Only the lines that include "thesis" should be copied from the data below.
§ §
(* Let $u\in\mathbb{R}^m$. If there exists $b\in\mathbb{R}^p$ with $\mathcal{P}(b)\neq\emptyset$ such that $$K^+\overline{g}_{\mathcal{P}}(u,b)+K^-\underline{g}_{\mathcal{P}}(u,b)\le b\quad\text{and}\quad L^+\overline{\psi}_{\mathcal{P}}(u,b)+L^-\underline{\psi}_{\mathcal{P}}(u,b)\le 0,$$ then $u$ is feasible, i.e. there exists $x\in\mathbb{R}^n$ with $f(x,u)=0$ and $h(x,u)\le 0$.
   Context: Let $f:\mathbb{R}^n\times\mathbb{R}^m\to\mathbb{R}^n$ and $h:\mathbb{R}^n\times\mathbb{R}^m\to\mathbb{R}^r$ be continuous and differentiable, with $f=M\psi$, $h=L\psi$ for a continuously differentiable $\psi:\mathbb{R}^n\times\mathbb{R}^m\to\mathbb{R}^q$ and constant matrices $M\in\mathbb{R}^{n\times q}$, $L\in\mathbb{R}^{r\times q}$. There is a base point $(x_0,u_0)$ with $f(x_0,u_0)=0$, $h(x_0,u_0)\le0$, at which $J_{f,0}=\frac{\partial f}{\partial x}\big|_{(x_0,u_0)}$ is nonsingular; $J_{\psi,0}=\frac{\partial \psi}{\partial x}\big|_{(x_0,u_0)}$ and $g(x,u)=\psi(x,u)-J_{\psi,0}x$. Let $\underline{g},\overline{g},\underline{\psi},\overline{\psi}:\mathbb{R}^n\times\mathbb{R}^m\to\mathbb{R}^q$ satisfy $\underline{g}_k\le g_k\le\overline{g}_k$ and $\underline{\psi}_k\le\psi_k\le\overline{\psi}_k$ everywhere for each $k$. A fixed matrix $A\in\mathbb{R}^{p\times n}$ is chosen so that $\mathcal{P}(b)=\{x:Ax\le b\}$ is bounded for every $b$. Define $\overline{g}_{\mathcal{P},k}(u,b)=\max_{x\in\mathcal{P}(b)}\overline{g}_k(x,u)$, $\underline{g}_{\mathcal{P},k}(u,b)=\min_{x\in\mathcal{P}(b)}\underline{g}_k(x,u)$, $\overline{\psi}_{\mathcal{P},k}(u,b)=\max_{x\in\mathcal{P}(b)}\overline{\psi}_k(x,u)$, $\underline{\psi}_{\mathcal{P},k}(u,b)=\min_{x\in\mathcal{P}(b)}\underline{\psi}_k(x,u)$ (assumed attained). Let $K=-AJ_{f,0}^{-1}M$. For a matrix $N$, $N^+$ keeps the positive entries of $N$ and sets others to $0$, and $N^-$ keeps the negative entries and sets others to $0$. $u$ is feasible if there is $x$ with $f(x,u)=0$ and $h(x,u)\le0$. Vector inequalities are componentwise. *)

theory Defs
  imports "HOL-Analysis.Analysis"
begin

text \<open>Vector inequalities on real^'k are the library's componentwise order (less_eq_vec_def).\<close>

definition polyP :: "real^'n^'p \<Rightarrow> real^'p \<Rightarrow> (real^'n) set" where
  "polyP A b = {x. A *v x \<le> b}"

definition mat_pos :: "real^'c^'r \<Rightarrow> real^'c^'r" where
  "mat_pos N = (\<chi> i j. if N $ i $ j > 0 then N $ i $ j else 0)"

definition mat_neg :: "real^'c^'r \<Rightarrow> real^'c^'r" where
  "mat_neg N = (\<chi> i j. if N $ i $ j < 0 then N $ i $ j else 0)"

text \<open>Componentwise max / min over P(b) of a bounding function (maxima/minima are assumed attained
  in the theorem, so Sup/Inf coincide with Max/Min).\<close>
definition maxP :: "real^'n^'p \<Rightarrow> (real^'n \<Rightarrow> real^'m \<Rightarrow> real^'q) \<Rightarrow> real^'m \<Rightarrow> real^'p \<Rightarrow> real^'q" where
  "maxP A F u b = (\<chi> k. Sup ((\<lambda>x. F x u $ k) ` polyP A b))"

definition minP :: "real^'n^'p \<Rightarrow> (real^'n \<Rightarrow> real^'m \<Rightarrow> real^'q) \<Rightarrow> real^'m \<Rightarrow> real^'p \<Rightarrow> real^'q" where
  "minP A F u b = (\<chi> k. Inf ((\<lambda>x. F x u $ k) ` polyP A b))"

end

theory Submission
  imports Defs
begin

text \<open>Since \<open>f x u = J\<^sub>f x + M g(x,u)\<close>, the zeros of \<open>f(\<cdot>,u)\<close> are the fixed points of
  \<open>T x = -J\<^sub>f\<^sup>-\<^sup>1 M g(x,u)\<close>. For \<open>x \<in> P(b)\<close>, \<open>g(x,u)\<close> lies in the box between the minima and maxima
  of the bounds over \<open>P(b)\<close>, and interval arithmetic bounds \<open>A T x = K g(x,u)\<close> by
  \<open>K\<^sup>+ g\<^sub>P\<^sup>max + K\<^sup>- g\<^sub>P\<^sup>min \<le> b\<close>; so \<open>T\<close> maps the compact convex polytope \<open>P(b)\<close> into itself and
  Brouwer's theorem gives a zero \<open>x \<in> P(b)\<close>. The same interval bound applied to \<open>L \<psi>(x,u)\<close> gives
  \<open>h(x,u) \<le> 0\<close>.\<close>

lemma matrix_vector_mult_le_pos_neg:
  fixes N :: "real^'c^'r" and y lo hi :: "real^'c"
  assumes "lo \<le> y" "y \<le> hi"
  shows "N *v y \<le> mat_pos N *v hi + mat_neg N *v lo"
proof -
  have "(N *v y) $ i \<le> (mat_pos N *v hi + mat_neg N *v lo) $ i" for i
  proof -
    have entry: "N$i$j * y$j \<le> mat_pos N $i$j * hi$j + mat_neg N $i$j * lo$j" for j
    proof -
      have "lo$j \<le> y$j" "y$j \<le> hi$j" using assms by (auto simp: less_eq_vec_def)
      then show ?thesis
        by (auto simp: mat_pos_def mat_neg_def intro: mult_left_mono mult_left_mono_neg)
    qed
    have "(N *v y) $ i = (\<Sum>j\<in>UNIV. N$i$j * y$j)" by (simp add: matrix_vector_mult_def)
    also have "\<dots> \<le> (\<Sum>j\<in>UNIV. mat_pos N $i$j * hi$j + mat_neg N $i$j * lo$j)"
      by (rule sum_mono) (rule entry)
    also have "\<dots> = (mat_pos N *v hi + mat_neg N *v lo) $ i"
      by (simp add: matrix_vector_mult_def sum.distrib)
    finally show ?thesis .
  qed
  then show ?thesis by (simp add: less_eq_vec_def)
qed

lemma polyP_eq_Inter_halfspaces: "polyP A b = (\<Inter>i. {x. A$i \<bullet> x \<le> b$i})"
  by (auto simp: polyP_def less_eq_vec_def matrix_vector_mul_component)

lemma closed_polyP: "closed (polyP A b)"
  unfolding polyP_eq_Inter_halfspaces by (auto intro!: closed_INT closed_halfspace_le)

lemma convex_polyP: "convex (polyP A b)"
  unfolding polyP_eq_Inter_halfspaces by (auto intro!: convex_INT convex_halfspace_le)

lemma minP_le:
  fixes F :: "real^'n \<Rightarrow> real^'m \<Rightarrow> real^'q"
  assumes attained: "\<And>k. \<exists>x\<in>polyP A c. \<forall>y\<in>polyP A c. F x v $ k \<le> F y v $ k"
    and x: "x \<in> polyP A c" and le: "F x v \<le> z"
  shows "minP A F v c \<le> z"
proof -
  have "Inf ((\<lambda>x. F x v $ k) ` polyP A c) \<le> z $ k" for k
  proof -
    have "bdd_below ((\<lambda>x. F x v $ k) ` polyP A c)"
      using attained[of k] by (auto intro: bdd_belowI2)
    then have "Inf ((\<lambda>x. F x v $ k) ` polyP A c) \<le> F x v $ k"
      using x by (auto intro: cInf_lower)
    also have "\<dots> \<le> z $ k" using le by (simp add: less_eq_vec_def)
    finally show ?thesis .
  qed
  then show ?thesis by (simp add: minP_def less_eq_vec_def)
qed

lemma maxP_ge:
  fixes F :: "real^'n \<Rightarrow> real^'m \<Rightarrow> real^'q"
  assumes attained: "\<And>k. \<exists>x\<in>polyP A c. \<forall>y\<in>polyP A c. F y v $ k \<le> F x v $ k"
    and x: "x \<in> polyP A c" and le: "z \<le> F x v"
  shows "z \<le> maxP A F v c"
proof -
  have "z $ k \<le> Sup ((\<lambda>x. F x v $ k) ` polyP A c)" for k
  proof -
    have "z $ k \<le> F x v $ k" using le by (simp add: less_eq_vec_def)
    also have "bdd_above ((\<lambda>x. F x v $ k) ` polyP A c)"
      using attained[of k] by (auto intro: bdd_aboveI2)
    then have "F x v $ k \<le> Sup ((\<lambda>x. F x v $ k) ` polyP A c)"
      using x by (auto intro: cSup_upper)
    finally show ?thesis .
  qed
  then show ?thesis by (simp add: maxP_def less_eq_vec_def)
qed

lemma minP_maxP_enclose:
  fixes Fl Fu :: "real^'n \<Rightarrow> real^'m \<Rightarrow> real^'q"
  assumes "\<And>k. \<exists>x\<in>polyP A c. \<forall>y\<in>polyP A c. Fl x v $ k \<le> Fl y v $ k"
    and "\<And>k. \<exists>x\<in>polyP A c. \<forall>y\<in>polyP A c. Fu y v $ k \<le> Fu x v $ k"
    and "x \<in> polyP A c" and "Fl x v \<le> z \<and> z \<le> Fu x v"
  shows "minP A Fl v c \<le> z \<and> z \<le> maxP A Fu v c"
  using assms minP_le[of A c Fl v x z] maxP_ge[of A c Fu v x z] by blast

lemma matrix_vector_mult_uminus_right: "(N::real^'c^'r) *v (- x) = - (N *v x)"
  by (simp add: vec_eq_iff matrix_vector_mult_def sum_negf)

lemma matrix_vector_mult_uminus_left: "(- (N::real^'c^'r)) *v x = - (N *v x)"
  by (simp add: vec_eq_iff matrix_vector_mult_def sum_negf)

lemma matrix_mul_matrix_inv_right:
  fixes J :: "'a::semiring_1^'n^'n"
  assumes "invertible J"
  shows "J ** matrix_inv J = mat 1"
  using assms unfolding invertible_def matrix_inv_def by (rule someI_ex[THEN conjunct1])

lemma jacobian_of_linear_image:
  fixes \<phi> :: "real^'n \<Rightarrow> real^'q"
  assumes "((\<lambda>x. M *v \<phi> x) has_derivative (\<lambda>v. J *v v)) (at x0)"
    and "(\<phi> has_derivative (\<lambda>v. J\<phi> *v v)) (at x0)"
  shows "J = M ** J\<phi>"
proof -
  have "((\<lambda>x. M *v \<phi> x) has_derivative (\<lambda>v. M *v (J\<phi> *v v))) (at x0)"
    by (rule bounded_linear.has_derivative[OF matrix_vector_mul_bounded_linear assms(2)])
  with assms(1) have "(\<lambda>v. J *v v) = (\<lambda>v. M *v (J\<phi> *v v))" by (rule has_derivative_unique)
  then show ?thesis by (metis matrix_eq matrix_vector_mul_assoc)
qed

lemma continuous_on_partial_of_isCont:
  assumes "\<And>z. isCont (\<lambda>(x, v). \<psi> x v) z"
  shows "continuous_on S (\<lambda>x. \<psi> x u)"
proof (rule continuous_at_imp_continuous_on, rule ballI)
  fix x
  have "isCont ((\<lambda>(x, v). \<psi> x v) \<circ> (\<lambda>x. (x, u))) x"
    using assms by (intro continuous_at_compose) simp_all
  then show "isCont (\<lambda>x. \<psi> x u) x" by (simp add: o_def)
qed

lemma polyP_self_map:
  fixes A :: "real^'n^'p" and Ji :: "real^'n^'n" and M :: "real^'q^'n"
  assumes bounds: "\<And>x. x \<in> polyP A b \<Longrightarrow> lo \<le> g x \<and> g x \<le> hi"
    and cond: "mat_pos (- (A ** Ji ** M)) *v hi + mat_neg (- (A ** Ji ** M)) *v lo \<le> b"
  shows "(\<lambda>x. - (Ji *v (M *v g x))) \<in> polyP A b \<rightarrow> polyP A b"
proof
  fix x assume "x \<in> polyP A b"
  then have "lo \<le> g x" "g x \<le> hi" using bounds by auto
  have "A *v - (Ji *v (M *v g x)) = (- (A ** Ji ** M)) *v g x"
    by (simp add: matrix_vector_mul_assoc matrix_vector_mult_uminus_right
        matrix_vector_mult_uminus_left matrix_mul_assoc)
  also have "\<dots> \<le> b"
    using matrix_vector_mult_le_pos_neg[OF \<open>lo \<le> g x\<close> \<open>g x \<le> hi\<close>] cond by (rule order_trans)
  finally show "- (Ji *v (M *v g x)) \<in> polyP A b" by (simp add: polyP_def)
qed

lemma zero_of_fixed_point:
  fixes M :: "real^'q^'n" and J :: "real^'n^'q"
  assumes "invertible (M ** J)"
    and fixed: "x = - (matrix_inv (M ** J) *v (M *v (y - J *v x)))"
  shows "M *v y = 0"
proof -
  have "(M ** J) *v (matrix_inv (M ** J) *v w) = w" for w
    by (simp add: matrix_vector_mul_assoc matrix_mul_matrix_inv_right[OF assms(1)])
  then have "(M ** J) *v x = - (M *v (y - J *v x))"
    by (subst fixed) (simp add: matrix_vector_mult_uminus_right)
  then show ?thesis
    by (simp add: matrix_vector_mul_assoc matrix_vector_mult_diff_distrib)
qed

theorem theorem3:
  fixes f :: "real^'n \<Rightarrow> real^'m \<Rightarrow> real^'n"
    and h :: "real^'n \<Rightarrow> real^'m \<Rightarrow> real^'r"
    and \<psi> :: "real^'n \<Rightarrow> real^'m \<Rightarrow> real^'q"
    and M :: "real^'q^'n" and L :: "real^'q^'r"
    and x0 :: "real^'n" and u0 :: "real^'m"
    and Jf :: "real^'n^'n" and J\<psi> :: "real^'n^'q"
    and gl gu \<psi>l \<psi>u :: "real^'n \<Rightarrow> real^'m \<Rightarrow> real^'q"
    and A :: "real^'n^'p"
    and u :: "real^'m" and b :: "real^'p"
  assumes \<psi>_C1: "\<exists>D :: ((real^'n) \<times> (real^'m)) \<Rightarrow> (((real^'n) \<times> (real^'m)) \<Rightarrow>\<^sub>L (real^'q)).
              (\<forall>z. ((\<lambda>(x, v). \<psi> x v) has_derivative blinfun_apply (D z)) (at z)) \<and> continuous_on UNIV D"
    and f_def: "\<And>x v. f x v = M *v \<psi> x v"
    and h_def: "\<And>x v. h x v = L *v \<psi> x v"
    and base_f: "f x0 u0 = 0"
    and base_h: "h x0 u0 \<le> 0"
    and Jf: "((\<lambda>x. f x u0) has_derivative (\<lambda>v. Jf *v v)) (at x0)"
    and Jf_inv: "invertible Jf"
    and J\<psi>: "((\<lambda>x. \<psi> x u0) has_derivative (\<lambda>v. J\<psi> *v v)) (at x0)"
    and g_bounds: "\<And>x v. gl x v \<le> \<psi> x v - J\<psi> *v x \<and> \<psi> x v - J\<psi> *v x \<le> gu x v"
    and \<psi>_bounds: "\<And>x v. \<psi>l x v \<le> \<psi> x v \<and> \<psi> x v \<le> \<psi>u x v"
    and P_bounded: "\<And>c. bounded (polyP A c)"
    and attained: "\<And>v c k. polyP A c \<noteq> {} \<Longrightarrow>
        (\<exists>x\<in>polyP A c. \<forall>y\<in>polyP A c. gu y v $ k \<le> gu x v $ k) \<and>
        (\<exists>x\<in>polyP A c. \<forall>y\<in>polyP A c. gl x v $ k \<le> gl y v $ k) \<and>
        (\<exists>x\<in>polyP A c. \<forall>y\<in>polyP A c. \<psi>u y v $ k \<le> \<psi>u x v $ k) \<and>
        (\<exists>x\<in>polyP A c. \<forall>y\<in>polyP A c. \<psi>l x v $ k \<le> \<psi>l y v $ k)"
    and P_nonempty: "polyP A b \<noteq> {}"
    and condK: "mat_pos (- (A ** matrix_inv Jf ** M)) *v maxP A gu u b
              + mat_neg (- (A ** matrix_inv Jf ** M)) *v minP A gl u b \<le> b"
    and condL: "mat_pos L *v maxP A \<psi>u u b + mat_neg L *v minP A \<psi>l u b \<le> 0"
  shows "\<exists>x. f x u = 0 \<and> h x u \<le> 0"
proof -
  define T where "T x = - (matrix_inv Jf *v (M *v (\<psi> x u - J\<psi> *v x)))" for x
  have JfM: "Jf = M ** J\<psi>"
    using Jf unfolding f_def by (rule jacobian_of_linear_image[OF _ J\<psi>])
  have "continuous_on (polyP A b) (\<lambda>x. \<psi> x u)"
    using \<psi>_C1 has_derivative_continuous by (blast intro: continuous_on_partial_of_isCont)
  then have "continuous_on (polyP A b) T"
    unfolding T_def by (intro continuous_intros bounded_linear.continuous_on[OF matrix_vector_mul_bounded_linear])
  moreover have "T \<in> polyP A b \<rightarrow> polyP A b"
    unfolding T_def
    using minP_maxP_enclose attained[OF P_nonempty] g_bounds
    by (intro polyP_self_map[OF _ condK]) blast
  moreover have "compact (polyP A b)" "convex (polyP A b)"
    using P_bounded closed_polyP convex_polyP by (auto simp: compact_eq_bounded_closed)
  ultimately obtain x where x: "x \<in> polyP A b" "T x = x"
    using brouwer P_nonempty by metis
  have "f x u = 0"
    using zero_of_fixed_point Jf_inv x(2) unfolding f_def JfM T_def by metis
  moreover have "h x u \<le> 0"
    using minP_maxP_enclose attained[OF P_nonempty] \<psi>_bounds x(1) condL unfolding h_def
    by (blast intro: order_trans[OF matrix_vector_mult_le_pos_neg])
  ultimately show ?thesis by blast
qed

end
§ §
Solution —
      then show ?thesis
    finally show ?thesis .
  then show ?thesis by (simp add: less_eq_vec_def)
    finally show ?thesis .
  then show ?thesis by (simp add: minP_def less_eq_vec_def)
    finally show ?thesis .
  then show ?thesis by (simp add: maxP_def less_eq_vec_def)
  then show ?thesis by (metis matrix_eq matrix_vector_mul_assoc)
  then show ?thesis
  ultimately show ?thesis by blast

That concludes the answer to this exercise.